The IRA Financial Trust (IRA) is suing Gemini for the February 2022 hack, which resulted in the theft of $36 million from IRA customers' accounts at the cryptocurrency exchange. According to a press release, IRA, a U.S. platform for self-directed retirement and pension accounts, claims in the lawsuit that Gemini "did not have proper safeguards in place to protect customer crypto assets" and "failed to freeze accounts within a sufficient [time-frame]" after IRA alerted Gemini to the theft. Gemini is a New York-based cryptocurrency exchange. Tyler and Cameron Winklevoss co-founded it, and it is now one of the most popular stock exchanges in the United States.
According to IRA, Gemini insisted on using Gemini's application programming interface (API) to streamline customer onboarding while failing to disclose to IRA that the API contained a single point of failure, namely a master account controlled by a master-key under which "all of Gemini's IRA customers were sub-account holders."
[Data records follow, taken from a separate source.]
(* Let $q$ be a prime power, $4\le n\le q$, $\alpha_1,\dots,\alpha_n\in\mathbb{F}_q$ distinct, $u_1,\dots,u_n\in\mathbb{F}_q^*$, and $H\in\mathbb{F}_q^{3\times n}$ with $H_{ab}=u_b\alpha_b^{a-1}$ (so $\ker H$ is a length-$n$ Reed–Solomon-type code of distance $4$). Then the number of $e\in\mathbb{F}_q^n$ with $|e|=2$ for which there exists $e'\in\mathbb{F}_q^n$, $e'\ne e$, $|e'|\le 2$, $He'=He$, is at most $$\frac{(n-2)(n-3)}{2(q-1)}\cdot(q-1)^2\binom{n}{2}.$$ That is, the fraction of weight-2 errors that are not the unique minimum-weight error with their syndrome is at most $\frac{(n-2)(n-3)}{2(q-1)}$.
   Context: $|e|$ denotes the Hamming weight (number of nonzero coordinates) of $e\in\mathbb{F}_q^n$. *)

theory Defs
  imports Complex_Main "HOL-Library.Cardinality"
begin

text \<open>Vectors in F_q^n are represented as functions nat => 'a vanishing outside {0..<n};
  coordinate b (0-based) corresponds to coordinate b+1 of the paper.\<close>

definition vecs :: "nat \<Rightarrow> (nat \<Rightarrow> 'a::zero) set" where
  "vecs n = {e. \<forall>i\<ge>n. e i = 0}"

definition hweight :: "nat \<Rightarrow> (nat \<Rightarrow> 'a::zero) \<Rightarrow> nat" where
  "hweight n e = card {i. i < n \<and> e i \<noteq> 0}"
lemma qbinomial_factor_high:
  assumes "a < b" "L \<ge> 1"
  shows "fps_X ^ ((L - 1) * b + a) + fps_const c * (fps_X ^ b) ^ (L + j)
       = fps_X ^ ((L - 1) * b + a) * (1 + fps_const (c :: 'a::comm_ring_1) * fps_X ^ (b * (j + 1) - a))"
proof -
  have "a \<le> b * (j + 1)"
    using assms(1) by simp
  moreover have "(L - 1) * b + b * (j + 1) = b * (L + j)"
    using assms(2) by (cases L) (simp_all add: algebra_simps)
  ultimately have e: "(L - 1) * b + a + (b * (j + 1) - a) = b * (L + j)"
    by simp
  have "fps_X ^ ((L - 1) * b + a) * (1 + fps_const c * fps_X ^ (b * (j + 1) - a))
      = fps_X ^ ((L - 1) * b + a) + fps_const c * (fps_X :: 'a fps) ^ ((L - 1) * b + a + (b * (j + 1) - a))"
    by (simp add: algebra_simps power_add)
  also have "\<dots> = fps_X ^ ((L - 1) * b + a) + fps_const c * (fps_X ^ b) ^ (L + j)"
    using e by (simp add: power_mult)
  finally show ?thesis
    by simp
qed

lemma qbinomial_product_eq_jtp_prod:
  fixes c c' :: "'a::comm_ring_1"
  assumes cc: "c * c' = 1" and ab: "a < b" and L: "L \<ge> 1"
  shows "(\<Prod>j<2 * L. fps_X ^ ((L - 1) * b + a) + fps_const c * (fps_X ^ b) ^ j)
       = fps_const (c ^ L) * fps_X ^ (b * (L * (L - 1) div 2) + L * ((L - 1) * b + a)) * jtp_prod b a c c' L"
proof -
  let ?y = "fps_X ^ ((L - 1) * b + a) :: 'a fps"
  let ?x = "fps_const c :: 'a fps"
  let ?Q = "fps_X ^ b :: 'a fps"
  have "(\<Prod>j<2 * L. ?y + ?x * ?Q ^ j) = (\<Prod>j<L. ?y + ?x * ?Q ^ j) * (\<Prod>j<L. ?y + ?x * ?Q ^ (L + j))"
    using prod_lessThan_add[of "\<lambda>j. ?y + ?x * ?Q ^ j" L L] by (simp add: mult_2)
  also have "(\<Prod>j<L. ?y + ?x * ?Q ^ j)
      = (\<Prod>j<L. fps_const c * fps_X ^ (b * j) * (1 + fps_const c' * fps_X ^ (b * (L - 1 - j) + a)))"
    by (rule prod.cong[OF refl]) (rule qbinomial_factor_low[OF cc], simp)
  also have "\<dots> = fps_const c ^ L * (\<Prod>j<L. fps_X ^ (b * j))
      * (\<Prod>j<L. 1 + fps_const c' * fps_X ^ (b * (L - 1 - j) + a))"
    by (simp add: prod.distrib)
  also have "(\<Prod>j<L. 1 + fps_const c' * fps_X ^ (b * (L - 1 - j) + a))
      = (\<Prod>j<L. 1 + fps_const c' * fps_X ^ (b * j + a))"
    using prod.nat_diff_reindex[of "\<lambda>j. 1 + fps_const c' * fps_X ^ (b * j + a)" L] by simp
  also have "(\<Prod>j<L. ?y + ?x * ?Q ^ (L + j)) = ?y ^ L * (\<Prod>j<L. 1 + fps_const c * fps_X ^ (b * (j + 1) - a))"
    by (simp only: qbinomial_factor_high[OF ab L] prod.distrib prod_constant card_lessThan)
  also have "(\<Prod>j<L. fps_X ^ (b * j)) = (fps_X :: 'a fps) ^ (b * (L * (L - 1) div 2))"
    by (rule prod_X_power_triangular)
  also have "fps_const c ^ L * fps_X ^ (b * (L * (L - 1) div 2)) * (\<Prod>j<L. 1 + fps_const c' * fps_X ^ (b * j + a))
      * (?y ^ L * (\<Prod>j<L. 1 + fps_const c * fps_X ^ (b * (j + 1) - a)))
      = fps_const (c ^ L) * (fps_X ^ (b * (L * (L - 1) div 2)) * ?y ^ L)
      * ((\<Prod>j<L. 1 + fps_const c * fps_X ^ (b * (j + 1) - a)) * (\<Prod>j<L. 1 + fps_const c' * fps_X ^ (b * j + a)))"
    by (simp only: fps_const_power ac_simps)
  also have "fps_X ^ (b * (L * (L - 1) div 2)) * ?y ^ L = fps_X ^ (b * (L * (L - 1) div 2) + L * ((L - 1) * b + a))"
    by (simp only: power_add mult.commute[of L] power_mult)
  also have "(\<Prod>j<L. 1 + fps_const c * fps_X ^ (b * (j + 1) - a)) * (\<Prod>j<L. 1 + fps_const c' * fps_X ^ (b * j + a))
      = jtp_prod b a c c' L"
    unfolding jtp_prod_def by (rule prod.distrib[symmetric])
  finally show ?thesis .
qed
theorem lemma6p10:
  fixes P Q :: "'a set" and le :: "'a \<Rightarrow> 'a \<Rightarrow> bool"
  assumes "finite_poset P le"
    and "poset_ideal P le Q"
  shows "(\<forall>x \<in> (Some ` P \<union> {None}) - Some ` Q.
            red_euler {y \<in> Q. ext_less le (Some y) x} le = 0)
     \<longleftrightarrow> (\<forall>x \<in> (Some ` P \<union> {None}) - Some ` Q.
            red_euler {z \<in> P. ext_less le (Some z) x} le = 0)"
    (is "(\<forall>x \<in> ?X. red_euler (?A x) le = 0) \<longleftrightarrow> (\<forall>x \<in> ?X. red_euler (?B x) le = 0)")
proof (rule vanishing_iff_unitriangular)
  show "red_euler (?B x) le = red_euler (?A x) le +
      (\<Sum>m\<in>?B x - Q. red_euler (?A (Some m)) le * red_euler (strictly_above (?B x - Q) le m) le)"
    if "x \<in> ?X" for x
    using red_euler_down_set_decomposition[OF assms] that by blast
  show "Some m \<in> ?X \<and> card (?B (Some m)) < card (?B x)" if "x \<in> ?X" "m \<in> ?B x - Q" for x m
    using card_down_set_less[OF assms(1)] that by blast
qed

end
(* Let $G$ be a finite abelian group and let $f$ be an automorphism of the monoid $\mathcal{P}_{0}(G)$. If $H$ is a subgroup of $G$, then $f(H)$ is a subgroup of $G$ as well and $|f(H)|=|H|$.
   Context: For an additively written finite abelian group $G$, $\mathcal{P}_{0}(G)$ is the monoid of all subsets of $G$ containing $0$, with setwise addition $X+Y=\{x+y : x\in X, y\in Y\}$ and identity $\{0\}$. *)

theory Defs
  imports Main
begin

definition P0 :: "'a::ab_group_add set set" where
  "P0 = {X. 0 \<in> X}"

definition setadd :: "'a::ab_group_add set \<Rightarrow> 'a set \<Rightarrow> 'a set" where
  "setadd X Y = {x + y | x y. x \<in> X \<and> y \<in> Y}"

definition P0_automorphism :: "('a::ab_group_add set \<Rightarrow> 'a set) \<Rightarrow> bool" where
  "P0_automorphism f \<longleftrightarrow>
     bij_betw f P0 P0 \<and>
     (\<forall>X\<in>P0. \<forall>Y\<in>P0. f (setadd X Y) = setadd (f X) (f Y)) \<and>
     f {0} = {0}"

definition add_subgroup :: "'a::ab_group_add set \<Rightarrow> bool" where
  "add_subgroup H \<longleftrightarrow> 0 \<in> H \<and> (\<forall>x\<in>H. \<forall>y\<in>H. x + y \<in> H) \<and> (\<forall>x\<in>H. - x \<in> H)"

end

theory Submission
  imports Defs
begin

text \<open>Over a finite group a set containing 0 is a subgroup iff it is an idempotent
  of \<open>P0\<close>, and monoid automorphisms preserve idempotents. For a subgroup \<open>H\<close>, the
  members of \<open>P0\<close> contained in \<open>H\<close> are exactly the \<open>X \<in> P0\<close> with \<open>X + H = H\<close>; this is a
  condition in monoid terms, so \<open>f\<close> maps them bijectively onto the members of \<open>P0\<close>
  contained in \<open>f H\<close>. There are \<open>2 ^ (card H - 1)\<close> of them, whence \<open>card (f H) = card H\<close>.\<close>

lemma setadd_P0: "X \<in> P0 \<Longrightarrow> Y \<in> P0 \<Longrightarrow> setadd X Y \<in> P0"
  unfolding P0_def setadd_def by force

lemma setadd_absorb_iff_subset:
  assumes "0 \<in> X" "0 \<in> K" "\<forall>x\<in>K. \<forall>y\<in>K. x + y \<in> K"
  shows "setadd X K = K \<longleftrightarrow> X \<subseteq> K"
proof
  assume absorb: "setadd X K = K"
  show "X \<subseteq> K"
  proof
    fix x assume "x \<in> X"
    then have "x + 0 \<in> setadd X K"
      using \<open>0 \<in> K\<close> unfolding setadd_def by blast
    then show "x \<in> K"
      using absorb by simp
  qed
next
  assume "X \<subseteq> K"
  then have "setadd X K \<subseteq> K"
    using assms(3) unfolding setadd_def by blast
  moreover have "K \<subseteq> setadd X K"
  proof
    fix k assume "k \<in> K"
    then have "0 + k \<in> setadd X K"
      using \<open>0 \<in> X\<close> unfolding setadd_def by blast
    then show "k \<in> setadd X K"
      by simp
  qed
  ultimately show "setadd X K = K" ..
qed

lemma setadd_idem_iff_add_closed:
  assumes "0 \<in> K"
  shows "setadd K K = K \<longleftrightarrow> (\<forall>x\<in>K. \<forall>y\<in>K. x + y \<in> K)"
proof
  assume "setadd K K = K"
  then show "\<forall>x\<in>K. \<forall>y\<in>K. x + y \<in> K"
    unfolding setadd_def by blast
qed (use assms setadd_absorb_iff_subset in blast)

lemma finite_add_closed_uminus_mem:
  fixes K :: "'a::ab_group_add set"
  assumes "finite K" "\<forall>a\<in>K. \<forall>b\<in>K. a + b \<in> K" "0 \<in> K" "x \<in> K"
  shows "- x \<in> K"
proof -
  have "(\<lambda>y. y + x) ` K = K"
    using assms by (intro endo_inj_surj) (auto simp: inj_on_def)
  then obtain y where "y \<in> K" "y + x = 0"
    using \<open>0 \<in> K\<close> by (metis imageE)
  then show ?thesis
    by (metis add_eq_0_iff2)
qed

lemma add_subgroup_iff_setadd_idem:
  assumes "finite K" "0 \<in> K"
  shows "add_subgroup K \<longleftrightarrow> setadd K K = K"
  using assms finite_add_closed_uminus_mem setadd_idem_iff_add_closed
  unfolding add_subgroup_def by metis

lemma card_P0_subsets:
  assumes "finite K" "0 \<in> K"
  shows "card {X \<in> P0. X \<subseteq> K} = 2 ^ (card K - 1)"
proof -
  have "{X \<in> P0. X \<subseteq> K} = insert 0 ` Pow (K - {0})"
    unfolding P0_def using assms(2) by (auto intro!: image_eqI[of _ _ "_ - {0}"])
  moreover have "inj_on (insert 0) (Pow (K - {0}))"
    by (auto simp: inj_on_def)
  ultimately show ?thesis
    using assms by (simp add: card_image card_Pow)
qed

lemma P0_subsets_eq_absorbed:
  assumes "K \<in> P0" "setadd K K = K"
  shows "{X \<in> P0. X \<subseteq> K} = {X \<in> P0. setadd X K = K}"
proof -
  have closed: "\<forall>x\<in>K. \<forall>y\<in>K. x + y \<in> K"
    using assms setadd_idem_iff_add_closed[of K] unfolding P0_def by blast
  show ?thesis
    using setadd_absorb_iff_subset[OF _ _ closed] assms(1) unfolding P0_def
    by (intro Collect_cong) blast
qed

lemma P0_automorphism_in_P0: "P0_automorphism f \<Longrightarrow> X \<in> P0 \<Longrightarrow> f X \<in> P0"
  unfolding P0_automorphism_def bij_betw_def by blast

lemma P0_automorphism_inj_on: "P0_automorphism f \<Longrightarrow> inj_on f P0"
  unfolding P0_automorphism_def bij_betw_def by blast

lemma P0_automorphism_setadd:
  "P0_automorphism f \<Longrightarrow> X \<in> P0 \<Longrightarrow> Y \<in> P0 \<Longrightarrow> f (setadd X Y) = setadd (f X) (f Y)"
  unfolding P0_automorphism_def by blast

lemma P0_automorphism_setadd_idem:
  "P0_automorphism f \<Longrightarrow> K \<in> P0 \<Longrightarrow> setadd K K = K \<Longrightarrow> setadd (f K) (f K) = f K"
  by (metis P0_automorphism_setadd)

lemma P0_automorphism_image_absorbed:
  assumes f: "P0_automorphism f" and K: "K \<in> P0"
  shows "f ` {X \<in> P0. setadd X K = K} = {Y \<in> P0. setadd Y (f K) = f K}"
proof (intro equalityI subsetI)
  fix Y assume "Y \<in> f ` {X \<in> P0. setadd X K = K}"
  then show "Y \<in> {Y \<in> P0. setadd Y (f K) = f K}"
    using f K by (auto simp: P0_automorphism_in_P0 P0_automorphism_setadd[symmetric])
next
  fix Y assume Y: "Y \<in> {Y \<in> P0. setadd Y (f K) = f K}"
  then obtain X where X: "X \<in> P0" "Y = f X"
    using f unfolding P0_automorphism_def bij_betw_def by blast
  have "f (setadd X K) = f K"
    using Y X f K by (simp add: P0_automorphism_setadd)
  then have "setadd X K = K"
    using P0_automorphism_inj_on[OF f] X K setadd_P0 by (blast dest: inj_onD)
  then show "Y \<in> f ` {X \<in> P0. setadd X K = K}"
    using X by blast
qed

lemma P0_automorphism_image_P0_subsets:
  assumes f: "P0_automorphism f" and K: "K \<in> P0" "setadd K K = K"
  shows "f ` {X \<in> P0. X \<subseteq> K} = {X \<in> P0. X \<subseteq> f K}"
  using P0_automorphism_image_absorbed[OF f K(1)] P0_subsets_eq_absorbed[OF K]
    P0_subsets_eq_absorbed[OF P0_automorphism_in_P0[OF f K(1)] P0_automorphism_setadd_idem[OF f K]]
  by simp

lemma P0_automorphism_card_idem:
  fixes f :: "'a::{finite, ab_group_add} set \<Rightarrow> 'a set"
  assumes f: "P0_automorphism f" and K: "K \<in> P0" "setadd K K = K"
  shows "card (f K) = card K"
proof -
  have "inj_on f {X \<in> P0. X \<subseteq> K}"
    using P0_automorphism_inj_on[OF f] by (rule inj_on_subset) blast
  then have "card {X \<in> P0. X \<subseteq> f K} = card {X \<in> P0. X \<subseteq> K}"
    using P0_automorphism_image_P0_subsets[OF f K] card_image by fastforce
  moreover have zero: "0 \<in> K" "0 \<in> f K"
    using K(1) P0_automorphism_in_P0[OF f K(1)] by (simp_all add: P0_def)
  ultimately have "card (f K) - 1 = card K - 1"
    by (simp add: card_P0_subsets)
  moreover have "card K > 0" "card (f K) > 0"
    using zero by (auto simp: card_gt_0_iff)
  ultimately show ?thesis
    by simp
qed

theorem lemma2p1:
  fixes f :: "'a::{finite, ab_group_add} set \<Rightarrow> 'a set"
    and H :: "'a set"
  assumes "P0_automorphism f"
    and "add_subgroup H"
  shows "add_subgroup (f H) \<and> card (f H) = card H"
proof -
  have H: "H \<in> P0" "setadd H H = H"
    using assms(2) add_subgroup_iff_setadd_idem[of H] by (simp_all add: P0_def add_subgroup_def)
  have "f H \<in> P0"
    using assms(1) H(1) by (rule P0_automorphism_in_P0)
  moreover have "setadd (f H) (f H) = f H"
    using assms(1) H by (rule P0_automorphism_setadd_idem)
  ultimately have "add_subgroup (f H)"
    using add_subgroup_iff_setadd_idem[of "f H"] by (simp add: P0_def)
  moreover have "card (f H) = card H"
    using assms(1) H by (rule P0_automorphism_card_idem)
  ultimately show ?thesis ..
qed

end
According to the lawsuit, the criminals allegedly obtained the master key from unencrypted emails between Gemini and IRA. To divert IRA employees' attention away from the heist, the hackers may have fraudulently reported kidnapping in IRA's South Dakota offices to the police department (who then dispatched a SWAT squad to the scene). They then combined the monies from all sub-accounts before extracting the total amount using the master key. Gemini's anti-fraud systems did not detect the transfers. The profits from the lawsuit against Gemini, according to IRA, will be used to reimburse IRA consumers.
A lawsuit has been filed against Gemini for the second time in less than a week. The Commodity Futures Trading Commission (CFTC) is also suing Gemini for making false or misleading representations during an evaluation in 2017 about its plans for a Bitcoin futures product.